A rower’s maximum speed in still water is 6.0 ft/s. He decides to cross a 60 ft. wide river (at his maximum speed), with an apparent heading of 30° north of east. The river’s current (relative to the ground) is flowing south at a speed of 1.0 ft/s. Find the rower’s speed and direction relative to the ground, as well as the total time it will take him to reach the other side of the river. (Please let me know if you need clarification on this – I am recalling this problem from memory, and do not have the actual problem with me at the moment)
2. Relevant equations
vR/G = VW/G + VR/W
(where R=rower, W=water, G=ground)
Law of cosines: c2 = a2 + b2 – 2abcos(θ)
Law of sines: sin(A)/a = sin(B)/b = sin(C)/c
3. The attempt at a solution
I set up the vectors in a coordinate plane. I was able to determine the angle between the rower’s apparent heading vector and the water’s vector to be 60°. Using this, I plugged it into the law of cosines formula to obtain a speed of 5.77 ft/s. I then used the law of sines (with the water’s speed and the rower’s speed of 5.77 ft/s) to obtain the angle opposite the water’s vector, which turned out to be about 8°. Subtracting this from 30°, I got about 22° north of east.

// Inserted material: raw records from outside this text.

text \<open>
  Let (x, x*) \<in> \<Pi>(c_0). Only finitely many coordinates of x have modulus 1 (the peak set A),
  the others stay below some \<gamma> < 1, and x* is supported on A with coefficients aligned with x.
  For an operator T with v(T) = 1 every row functional y \<mapsto> (Ty)_k is a contraction. If
  |x*(Tx)| is close to 1, then (Tx)_k is close to \<mu> x_k on the support of x*, \<mu> being the phase
  of x*(Tx). A contraction that nearly maps x to a unimodular scalar c is, up to a small error,
  a functional y \<mapsto> c \<Sum>_{j\<in>A} w_j y_j / x_j with w a probability vector on A. Replacing those
  finitely many rows of T by such exact functionals yields a contraction S with x*(Sx) = \<mu>,
  hence v(S) = 1, and with ||S - T|| small.
\<close>

section \<open>The sequence space c_0\<close>

lemma bdd_above_norm_c0: "x \<in> c0 \<Longrightarrow> bdd_above (range (\<lambda>n. norm (x n)))"
proof -
  assume "x \<in> c0"
  then have "Bseq x"
    unfolding c0_def using convergent_imp_Bseq convergentI by blast
  then obtain K where "\<forall>n. norm (x n) \<le> K"
    unfolding Bseq_def by auto
  then show ?thesis by (auto intro: bdd_aboveI2)
qed

lemma norm_le_c0_norm: "x \<in> c0 \<Longrightarrow> norm (x n) \<le> c0_norm x"
  unfolding c0_norm_def by (rule cSUP_upper) (auto simp: bdd_above_norm_c0)

lemma c0_norm_le: "(\<And>n. norm (x n) \<le> M) \<Longrightarrow> c0_norm x \<le> M"
  unfolding c0_norm_def by (rule cSUP_least) auto

lemma c0_norm_nonneg: "x \<in> c0 \<Longrightarrow> 0 \<le> c0_norm x"
  using norm_le_c0_norm[of x 0] norm_ge_zero order_trans by blast

lemma c0_norm_eq_0D: "x \<in> c0 \<Longrightarrow> c0_norm x = 0 \<Longrightarrow> x = (\<lambda>n. 0)"
  using norm_le_c0_norm[of x] by fastforce

lemma c0_ball_iff_norm_le_1: "x \<in> c0_ball \<longleftrightarrow> x \<in> c0 \<and> (\<forall>n. norm (x n) \<le> 1)"
proof
  assume "x \<in> c0_ball"
  then show "x \<in> c0 \<and> (\<forall>n. norm (x n) \<le> 1)"
    unfolding c0_ball_def by (auto intro: order_trans[OF norm_le_c0_norm])
qed (auto simp: c0_ball_def intro: c0_norm_le)
definition weighted_cis_sum :: "(nat \<Rightarrow> real) \<Rightarrow> nat \<Rightarrow> real \<Rightarrow> complex" where
  "weighted_cis_sum a n \<omega> = (\<Sum>i<n. of_real (a (Suc i)) * cis (real (Suc i) * \<omega>))"

lemma weighted_cis_sum_0: "weighted_cis_sum a n 0 = of_real (\<Sum>i<n. a (Suc i))"
  by (simp add: weighted_cis_sum_def)

lemma norm_weighted_cis_sum_le:
  assumes "cis \<omega> \<noteq> 1" and "\<bar>a n\<bar> \<le> B"
  shows "cmod (weighted_cis_sum a n \<omega>) \<le>
    (B + (\<Sum>j=1..n-1. \<bar>a (Suc j) - a j\<bar>)) * (2 / cmod (1 - cis \<omega>))"
proof -
  define K where "K = 2 / cmod (1 - cis \<omega>)"
  define P where "P j = (\<Sum>i<j. cis (real (Suc i) * \<omega>))" for j
  have P: "cmod (P j) \<le> K" for j
    unfolding P_def K_def by (rule norm_sum_cis_le[OF assms(1)])
  have "weighted_cis_sum a n \<omega> =
      of_real (a n) * P n - (\<Sum>j=1..n-1. of_real (a (Suc j) - a j) * P j)"
    unfolding weighted_cis_sum_def P_def
    using summation_by_parts[of "\<lambda>j. of_real (a j)" "\<lambda>j. cis (real j * \<omega>)" n] by simp
  also have "cmod \<dots> \<le> \<bar>a n\<bar> * cmod (P n) + (\<Sum>j=1..n-1. \<bar>a (Suc j) - a j\<bar> * cmod (P j))"
    by (rule norm_triangle_ineq4[THEN order_trans], rule add_mono)
      (auto simp: norm_mult simp del: of_real_diff intro!: norm_sum[THEN order_trans])
  also have "\<dots> \<le> B * K + (\<Sum>j=1..n-1. \<bar>a (Suc j) - a j\<bar> * K)"
    using assms(2) P by (intro add_mono mult_mono sum_mono mult_left_mono) auto
  finally show ?thesis
    by (simp only: K_def distrib_right sum_distrib_right)
qed
(* Let $x^*\in\mathcal{X}$. If for every neighborhood $U$ of $x^*$ in $\mathcal{X}$ there is a solution $y_U(t)$ of $\dot y_k=v_k(Q(y))$, $k\in\mathcal{N}$, such that $x_U(t)=Q(y_U(t))\in U$ for all $t\ge0$, then $x^*$ is a Nash equilibrium.
   Context: Setting: finite game with players $\mathcal{N}$, action sets $\mathcal{A}_k$, mixed strategies $\mathcal{X}_k=\Delta(\mathcal{A}_k)$, $\mathcal{X}=\prod_k\mathcal{X}_k$, multilinear expected payoffs $u_k$, payoff vectors $v_k(x)=(u_k(\alpha;x_{-k}))_{\alpha\in\mathcal{A}_k}$. Each player has a penalty function $h_k$ on $\mathcal{X}_k$ (continuous, $C^\infty$ on relative interiors of faces, strongly convex: $h(tx_1+(1-t)x_2)\le th(x_1)+(1-t)h(x_2)-\tfrac12Kt(1-t)\|x_1-x_2\|^2$, $K>0$), with choice map $Q_k(y_k)=\arg\max_{x_k\in\mathcal{X}_k}\{\langle y_k,x_k\rangle-h_k(x_k)\}$; $Q=(Q_k)_k$. Nash equilibrium: $u_k(x^* )\ge u_k(x_k;x^*_{-k})$ for all $x_k\in\mathcal{X}_k$, $k\in\mathcal{N}$. *)

theory Defs
  imports "HOL-Analysis.Analysis"
begin

text \<open>Players: the finite type 'n (all of UNIV). Player k has finite nonempty
action set A k inside the ambient action type 'a. Mixed strategies of player k are
functions 'a => real supported on A k, nonnegative and summing to 1.
pay k alpha is the payoff of player k at the pure profile alpha.\<close>

definition mixed :: "'a set \<Rightarrow> ('a \<Rightarrow> real) set" where
  "mixed Ak = {xk. (\<forall>a. a \<notin> Ak \<longrightarrow> xk a = 0) \<and> (\<forall>a\<in>Ak. 0 \<le> xk a) \<and> sum xk Ak = 1}"

definition profiles :: "('n \<Rightarrow> 'a set) \<Rightarrow> ('n \<Rightarrow> 'a \<Rightarrow> real) set" where
  "profiles A = {x. \<forall>k. x k \<in> mixed (A k)}"

definition exp_payoff :: "('n::finite \<Rightarrow> 'a set) \<Rightarrow> ('n \<Rightarrow> ('n \<Rightarrow> 'a) \<Rightarrow> real)
    \<Rightarrow> 'n \<Rightarrow> ('n \<Rightarrow> 'a \<Rightarrow> real) \<Rightarrow> real" where
  "exp_payoff A pay k x = (\<Sum>\<alpha>\<in>PiE UNIV A. (\<Prod>l\<in>UNIV. x l (\<alpha> l)) * pay k \<alpha>)"

definition payoff_vec :: "('n::finite \<Rightarrow> 'a set) \<Rightarrow> ('n \<Rightarrow> ('n \<Rightarrow> 'a) \<Rightarrow> real)
    \<Rightarrow> 'n \<Rightarrow> ('n \<Rightarrow> 'a \<Rightarrow> real) \<Rightarrow> 'a \<Rightarrow> real" where
  "payoff_vec A pay k x a = exp_payoff A pay k (x(k := (\<lambda>b. if b = a then 1 else 0)))"

definition nash_eq :: "('n::finite \<Rightarrow> 'a set) \<Rightarrow> ('n \<Rightarrow> ('n \<Rightarrow> 'a) \<Rightarrow> real)
    \<Rightarrow> ('n \<Rightarrow> 'a \<Rightarrow> real) \<Rightarrow> bool" where
  "nash_eq A pay xs \<longleftrightarrow> xs \<in> profiles A \<and>
     (\<forall>k. \<forall>xk\<in>mixed (A k). exp_payoff A pay k (xs(k := xk)) \<le> exp_payoff A pay k xs)"

definition choice :: "'a set \<Rightarrow> (('a \<Rightarrow> real) \<Rightarrow> real) \<Rightarrow> ('a \<Rightarrow> real) \<Rightarrow> ('a \<Rightarrow> real)" where
  "choice Ak hk yk = (THE xk. xk \<in> mixed Ak \<and>
     (\<forall>x'\<in>mixed Ak. (\<Sum>a\<in>Ak. yk a * x' a) - hk x' \<le> (\<Sum>a\<in>Ak. yk a * xk a) - hk xk))"

definition choice_map :: "('n \<Rightarrow> 'a set) \<Rightarrow> ('n \<Rightarrow> ('a \<Rightarrow> real) \<Rightarrow> real)
    \<Rightarrow> ('n \<Rightarrow> 'a \<Rightarrow> real) \<Rightarrow> ('n \<Rightarrow> 'a \<Rightarrow> real)" where
  "choice_map A h y = (\<lambda>k. choice (A k) (h k) (y k))"

definition strongly_convex_on :: "'a set \<Rightarrow> real \<Rightarrow> (('a \<Rightarrow> real) \<Rightarrow> real) \<Rightarrow> bool" where
  "strongly_convex_on Ak K hk \<longleftrightarrow> (\<forall>x1\<in>mixed Ak. \<forall>x2\<in>mixed Ak. \<forall>t::real. 0 \<le> t \<and> t \<le> 1 \<longrightarrow>
     hk (\<lambda>a. t * x1 a + (1 - t) * x2 a) \<le> t * hk x1 + (1 - t) * hk x2
        - K * t * (1 - t) * (\<Sum>a\<in>Ak. (x1 a - x2 a)\<^sup>2) / 2)"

To find the time it takes to get across, I set up a right triangle, where the base represents the width of the river (60 ft), and the hypotenuse represents the distance the rower actually travels (with the angle between them 22°). Using trig, I found the hypotenuse to be about 64 ft. I then plugged this distance and the rower’s speed of 5.77 ft/s into v=d/t to solve for t, and I obtained t= ~11s.